The UK will be better protected against animal diseases like avian flu and foot and mouth thanks to a global network of scientific research to be launched by Defra this week.
Increasingly globalised movements of animals, people and food have raised the risk of animal diseases spreading to the UK, which could have serious economic, environmental and health consequences.
Defra is leading an international network, funded by the EU, linking thousands of scientists across the world. It will allow them to exchange research, establish common goals and collaborate on developing future controls. It will also underpin early warning systems by identifying what emerging diseases are being picked up abroad.
Ahead of the network’s launch on Wednesday, Agriculture and Food Minister Jim Paice said:
“In this modern age of globalised trade and travel the risk of animal disease entering the UK is greater than ever.
“We already have comprehensive international surveillance and outbreak plans, but we must prepare for the challenges in 5, 10 and 15 years’ time.
“Countries acting on their own just don’t have the resources to research every disease, all of the time, so sharing resources like this will get us maximum protection and value for money.”
The €1million EU-funded network will include Canada, USA, Mexico, Argentina, Brazil, China, India, Japan, Australia, New Zealand, Russia, Italy, Germany, France, Spain, Denmark and the UK. It will be divided into three regions - the Americas, Asia and Australasia, and Europe - and surrounding countries are expected to feed in. It is hoped an Africa region will follow.
Examples of major diseases of concern are: Avian Influenza; new strains of Porcine Reproductive and Respiratory Syndrome Virus (PRRSV) which are circulating in China; and African Swine Fever, which has spread from Africa to Russia.
The network, which also involves the Biotechnology and Biological Sciences Research Council (BBSRC), will also help to develop control measures for current problems such as TB- or drug- resistant parasites.
It is estimated that 75 per cent of emerging animal diseases can be transmitted to humans, often from wildlife via livestock. The network will allow information to be shared more quickly on conditions that affect humans such as nipah virus infection. An outbreak of this disease in people in Malaysia has been traced back to pigs catching the virus from the droppings of bats in palm trees.
The global network will also help improve the health and productivity of animals through hastening the development of improved control methods for existing diseases in the UK. This is crucial to meet the challenges of increasing food production and reducing the impact of livestock on the climate.
UK Chief Veterinary Officer Nigel Gibbens said:
“Global coordination of our animal disease research efforts will help ensure that new technologies, such as diagnostic tools, vaccines and new treatments, are identified and put to work as quickly as possible to make a real difference to the health, welfare and productivity of livestock.”
Defra is already leading on a similar EU network where member states work towards a common research agenda and share funding instead of acting unilaterally. So far it has initiated 12 research projects worth €21million - €3.9million of which was contributed by the UK.

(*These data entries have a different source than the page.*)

lemma cosh_rho_upper_root:
  assumes "A > 0" "Im z > 0" and disc: "4 * A * C - B\<^sup>2 = 4 * (Im z)\<^sup>2"
  shows "2 * (Im z)\<^sup>2 * cosh_rho z (upper_root A B C) = form_R A B C z"
proof -
  have C: "C = (4 * (Im z)\<^sup>2 + B\<^sup>2) / (4 * A)" using disc assms(1) by (simp add: field_simps)
  show ?thesis
    unfolding cosh_rho_def form_R_def upper_root_of_disc[OF assms] cmod_power2
    unfolding C using assms(1,2) by (simp add: power2_eq_square field_simps)
qed

lemma theta_angle_upper_root:
  assumes "A > 0" "B\<^sup>2 < 4 * A * C" "Im z > 0"
  shows "theta_angle z (upper_root A B C) = Arg (\<i> * form_eval A B C z)"
proof -
  let ?r = "upper_root A B C"
  have "\<i> * form_eval A B C z = of_real A * (\<i> * ((?r - z) * (cnj ?r - z)))"
    using form_eval_factor[of A B C z] assms(1,2) by simp
  then show ?thesis
    unfolding theta_angle_eq_Arg[OF assms(3) Im_upper_root_pos[OF assms(1,2)]]
    by (simp only: Arg_times_of_real[OF assms(1)])
qed

lemma form_eval_eq_0_iff:
  assumes "A > 0" "B\<^sup>2 < 4 * A * C" "Im z > 0"
  shows "form_eval A B C z = 0 \<longleftrightarrow> z = upper_root A B C"
proof -
  let ?r = "upper_root A B C"
  have "Im (cnj ?r - z) < 0" using Im_upper_root_pos[OF assms(1,2)] assms(3) by simp
  then have "cnj ?r - z \<noteq> 0" by auto
  then show ?thesis using form_eval_factor[of A B C z] assms(1,2) by auto
qed

lemma Im_moebius:
  assumes "a * d - b * c = 1"
  shows "Im (moebius a b c d u) = Im u / (cmod (of_int c * u + of_int d))\<^sup>2"
proof -
  have det: "real_of_int a * of_int d - of_int b * of_int c = 1"
    using arg_cong[OF assms, of real_of_int] by simp
  have "Im (of_int a * u + of_int b) * Re (of_int c * u + of_int d)
      - Re (of_int a * u + of_int b) * Im (of_int c * u + of_int d) = Im u"
    using det by (simp add: algebra_simps)
  then show ?thesis unfolding moebius_def Im_divide' by simp
qed

lemma moebius_denom_nonzero:
  assumes "Im u \<noteq> 0" "a * d - b * c = 1"
  shows "of_int c * u + of_int d \<noteq> 0"
proof
  assume zero: "of_int c * u + of_int d = 0"
  have "of_int c * Im u = 0" using arg_cong[OF zero, of Im] by simp
  then have "c = 0" using assms(1) by simp
  moreover from this have "d = 0" using zero by simp
  ultimately show False using assms(2) by simp
qed

lemma Im_moebius_pos:
  assumes "Im u > 0" "a * d - b * c = 1"
  shows "Im (moebius a b c d u) > 0"
  using moebius_denom_nonzero[of u a d b c] assms by (simp add: Im_moebius)

lemma moebius_moebius:
  assumes "Im u \<noteq> 0" "a * d - b * c = 1" "a' * d' - b' * c' = 1"
  shows "moebius a b c d (moebius a' b' c' d' u)
       = moebius (a * a' + b * c') (a * b' + b * d') (c * a' + d * c') (c * b' + d * d') u"
proof -
  have inner: "of_int c' * u + of_int d' \<noteq> 0"
    using moebius_denom_nonzero[OF assms(1,3)] .
  have "Im (moebius a' b' c' d' u) \<noteq> 0"
    using inner assms(1) by (simp add: Im_moebius[OF assms(3)])
  then have outer: "of_int c * moebius a' b' c' d' u + of_int d \<noteq> 0"
    using moebius_denom_nonzero[OF _ assms(2)] by blast
  have "moebius a b c d (moebius a' b' c' d' u)
      = (of_int a * (of_int a' * u + of_int b') + of_int b * (of_int c' * u + of_int d'))
      / (of_int c * (of_int a' * u + of_int b') + of_int d * (of_int c' * u + of_int d'))"
    using inner outer unfolding moebius_def by (simp add: divide_simps)
  then show ?thesis unfolding moebius_def by (simp add: algebra_simps)
qed

lemma form_eval_moebius:
  fixes a b c d :: int and A B C :: real
  assumes det: "a * d - b * c = 1" and nz: "of_int c * u + of_int d \<noteq> 0"
  shows "form_eval (A * d\<^sup>2 - B * c * d + C * c\<^sup>2) (- 2 * A * b * d + B * (a * d + b * c) - 2 * C * a * c)
           (A * b\<^sup>2 - B * a * b + C * a\<^sup>2) (moebius a b c d u)
       = form_eval A B C u / (of_int c * u + of_int d)\<^sup>2"
proof -
  have detc: "complex_of_int a * of_int d - of_int b * of_int c = 1"
    using arg_cong[OF det, of complex_of_int] by simp
  show ?thesis
    unfolding form_eval_def moebius_def using nz
    by (simp add: divide_simps power2_eq_square) (use detc in algebra)
qed

lemma of_int_disc_less:
  fixes A B C :: int
  shows "B\<^sup>2 < 4 * A * C \<Longrightarrow> (real_of_int B)\<^sup>2 < 4 * of_int A * of_int C"
  by (metis of_int_less_iff of_int_mult of_int_numeral of_int_power)

lemma moebius_upper_root:
  fixes a b c d A B C :: int
  assumes det: "a * d - b * c = 1" and A: "A > 0" and disc: "B\<^sup>2 < 4 * A * C"
  defines "A' \<equiv> A * d\<^sup>2 - B * c * d + C * c\<^sup>2"
    and "B' \<equiv> - 2 * A * b * d + B * (a * d + b * c) - 2 * C * a * c"
    and "C' \<equiv> A * b\<^sup>2 - B * a * b + C * a\<^sup>2"
  shows "A' > 0" and "B'\<^sup>2 - 4 * A' * C' = B\<^sup>2 - 4 * A * C"
    and "moebius a b c d (upper_root A B C) = upper_root A' B' C'"
proof -
  show disc': "B'\<^sup>2 - 4 * A' * C' = B\<^sup>2 - 4 * A * C"
    unfolding A'_def B'_def C'_def using det by algebra
  have "4 * A * A' = (2 * A * d - B * c)\<^sup>2 + (4 * A * C - B\<^sup>2) * c\<^sup>2"
    unfolding A'_def by (simp add: power2_eq_square algebra_simps)
  moreover have "(2 * A * d - B * c)\<^sup>2 + (4 * A * C - B\<^sup>2) * c\<^sup>2 > 0"
  proof (cases "c = 0")
    case True
    then have "d \<noteq> 0" using det by auto
    with True A show ?thesis by simp
  next
    case False
    then show ?thesis using disc by (simp add: add_nonneg_pos)
  qed
  ultimately have "4 * A * A' > 0" by simp
  then show A': "A' > 0" using A by (simp add: zero_less_mult_iff)
  have A_real: "real_of_int A > 0" using A by simp
  have disc_real: "(real_of_int B)\<^sup>2 < 4 * of_int A * of_int C"
    using disc by (rule of_int_disc_less)
  let ?u = "upper_root A B C"
  have u: "Im ?u > 0" using Im_upper_root_pos[OF A_real disc_real] .
  have nz: "of_int c * ?u + of_int d \<noteq> 0" using moebius_denom_nonzero[of ?u a d b c] u det by simp
  have "form_eval A' B' C' (moebius a b c d ?u) = form_eval A B C ?u / (of_int c * ?u + of_int d)\<^sup>2"
    unfolding A'_def B'_def C'_def using form_eval_moebius[OF det nz] by simp
  also have "\<dots> = 0" using form_eval_eq_0_iff[OF A_real disc_real u] by simp
  finally have "form_eval A' B' C' (moebius a b c d ?u) = 0" .
  moreover have "Im (moebius a b c d ?u) > 0" using Im_moebius_pos[OF u det] .
  moreover have "B'\<^sup>2 < 4 * A' * C'" using disc disc' by linarith
  then have "(real_of_int B')\<^sup>2 < 4 * of_int A' * of_int C'"
    by (rule of_int_disc_less)
  ultimately show "moebius a b c d ?u = upper_root A' B' C'"
    using form_eval_eq_0_iff[of A' B' C'] A' by simp
qed

lemma principal_root:
  fixes t m :: int
  assumes "t\<^sup>2 < 4 * m"
  defines "z \<equiv> upper_root 1 (- t) m"
  shows "Re z = t / 2" and "4 * (Im z)\<^sup>2 = 4 * m - t\<^sup>2" and "Im z > 0"
    and "cnj z = of_int t - z" and "z\<^sup>2 = of_int t * z - of_int m"
proof -
  have D: "4 * real_of_int m - (of_int t)\<^sup>2 > 0"
    using of_int_disc_less[of t 1 m] assms(1) by simp
  show re: "Re z = t / 2" unfolding z_def upper_root_def by simp
  show im: "4 * (Im z)\<^sup>2 = 4 * m - t\<^sup>2"
    unfolding z_def upper_root_def using D by (simp add: power_divide)
  show "Im z > 0" unfolding z_def upper_root_def using D by simp
  show "cnj z = of_int t - z" using re by (simp add: complex_eq_iff)
  have "real_of_int t = 2 * Re z" using re by simp
  then show "z\<^sup>2 = of_int t * z - of_int m"
    using im by (simp add: complex_eq_iff power2_eq_square algebra_simps)
qed

lemma Gamma_orbit_in_upper_roots:
  fixes t m :: int
  assumes "t\<^sup>2 < 4 * m" "\<gamma> \<in> Gamma"
  obtains A B C :: int where "A > 0" "B\<^sup>2 - 4 * A * C = t\<^sup>2 - 4 * m"
    and "\<gamma> (upper_root 1 (- t) m) = upper_root A B C"
proof -
  obtain a b c d where \<gamma>: "\<gamma> = moebius a b c d" and det: "a * d - b * c = 1"
    using assms(2) unfolding Gamma_def by blast
  note action = moebius_upper_root[OF det, of 1 "- t" m]
  show ?thesis using action assms(1) that unfolding \<gamma> by simp
qed

lemma exists_shift_abs_le:
  fixes A B :: int
  assumes "A > 0"
  shows "\<exists>k. \<bar>B + 2 * A * k\<bar> \<le> A"
proof -
  have "0 \<le> (B + A) mod (2 * A)" "(B + A) mod (2 * A) < 2 * A" using assms by simp_all
  then have "\<bar>B + 2 * A * - ((B + A) div (2 * A))\<bar> \<le> A"
    using div_mult_mod_eq[of "B + A" "2 * A"] by (simp add: algebra_simps abs_le_iff)
  then show ?thesis by blast
qed

text \<open>Reduction: translate B into [-A, A] by X \<mapsto> X + k and invert by X \<mapsto> -1/X, which turns
  (A, B, C) into (C', -B', A); the class-number-one hypothesis forces C' < A, so the leading
  coefficient decreases until the form is X^2 + B X + C, a translate of the principal one.\<close>

lemma upper_root_in_Gamma_orbit:
  fixes t m A B C :: int
  assumes disc0: "t\<^sup>2 < 4 * m"
    and class_one: "\<And>A B C :: int. 2 \<le> A \<Longrightarrow> \<bar>B\<bar> \<le> A \<Longrightarrow> A \<le> C \<Longrightarrow> B\<^sup>2 - 4 * A * C = t\<^sup>2 - 4 * m \<Longrightarrow> False"
    and "A > 0" "B\<^sup>2 - 4 * A * C = t\<^sup>2 - 4 * m"
  shows "\<exists>\<gamma>\<in>Gamma. \<gamma> (upper_root 1 (- t) m) = upper_root A B C"
  using assms(3,4)
proof (induction "nat A" arbitrary: A B C rule: less_induct)
  case less
  show ?case
  proof (cases "A = 1")
    case True
    have "B\<^sup>2 - t\<^sup>2 = 2 * (2 * (C - m))" using less.prems(2) True by (simp add: algebra_simps)
    then have "even (B\<^sup>2 - t\<^sup>2)" by (metis dvd_triv_left)
    then have "even (B + t)" by simp
    then obtain j0 where "B + t = 2 * j0" by (rule evenE)
    then obtain j where j: "B = - 2 * j - t" by (intro that[of "- j0"]) simp
    have C: "C = j\<^sup>2 + t * j + m" using less.prems(2) True unfolding j by (simp add: power2_eq_square algebra_simps)
    have "moebius 1 j 0 1 \<in> Gamma" unfolding Gamma_def by force
    moreover have "moebius 1 j 0 1 (upper_root 1 (- t) m) = upper_root A B C"
      using moebius_upper_root[of 1 1 j 0 1 "- t" m] disc0 unfolding True j C by simp
    ultimately show ?thesis by blast
  next
    case False
    then have A2: "A \<ge> 2" using less.prems(1) by simp
    obtain k where k: "\<bar>B + 2 * A * k\<bar> \<le> A" using exists_shift_abs_le[OF less.prems(1)] by blast
    define B' where "B' = B + 2 * A * k"
    define C' where "C' = C + B * k + A * k\<^sup>2"
    have disc_shift: "B'\<^sup>2 - 4 * A * C' = t\<^sup>2 - 4 * m"
      using less.prems(2) unfolding B'_def C'_def by (simp add: power2_eq_square algebra_simps)
    then have disc': "(- B')\<^sup>2 - 4 * C' * A = t\<^sup>2 - 4 * m" by (simp add: algebra_simps)
    have "\<bar>B'\<bar> \<le> A" using k unfolding B'_def .
    then have "C' < A" using class_one[OF A2 _ _ disc_shift] not_less by blast
    moreover have "C' > 0"
    proof -
      have "4 * C' * A > 0" using disc' disc0 by (smt (verit) zero_le_power2)
      then show ?thesis using less.prems(1) by (simp add: zero_less_mult_iff)
    qed
    ultimately have "nat C' < nat A" "C' > 0" by simp_all
    then obtain \<gamma> where \<gamma>: "\<gamma> \<in> Gamma" and \<gamma>z: "\<gamma> (upper_root 1 (- t) m) = upper_root C' (- B') A"
      using less.hyps[OF _ _ disc'] by blast
    obtain a b c d where \<gamma>_def: "\<gamma> = moebius a b c d" and det: "a * d - b * c = 1"
      using \<gamma> unfolding Gamma_def by blast
    have "moebius k (-1) 1 0 (upper_root C' (- B') A) = upper_root A B C"
      using moebius_upper_root[of k 0 "-1" 1 C' "- B'" A] \<open>C' > 0\<close> disc' disc0
      unfolding B'_def C'_def by (simp add: power2_eq_square algebra_simps)
    moreover have "moebius k (-1) 1 0 (\<gamma> (upper_root 1 (- t) m))
        = moebius (k * a - c) (k * b - d) a b (upper_root 1 (- t) m)"
      unfolding \<gamma>_def using moebius_moebius[OF _ _ det, of "upper_root 1 (- t) m" k 0 "-1" 1]
        principal_root(3)[OF disc0]
      by simp
    moreover have "moebius (k * a - c) (k * b - d) a b \<in> Gamma"
      unfolding Gamma_def using det by (force simp: algebra_simps)
    ultimately show ?thesis using \<gamma>z by auto
  qed
qed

One project is on Marek’s Disease, a major threat to the global poultry industry. Chickens are vaccinated to prevent them developing symptoms, but they remain persistently infected so the virus is evolving to become more virulent, prompting the need for a new vaccine every 10 to 20 years. There are currently three groups working on this disease across Europe, but the global network will combine this expertise with groups in the US, China and Australia to pool knowledge.
The UK cattle industry is establishing a similar network with counterparts across Europe to avoid duplication of industry-funded research, and is working to link up with the Defra-led network.
The Defra-led network will also link up with the pharmaceutical industry to identify what products they would be prepared to make so that scientists can base research around a solid end product.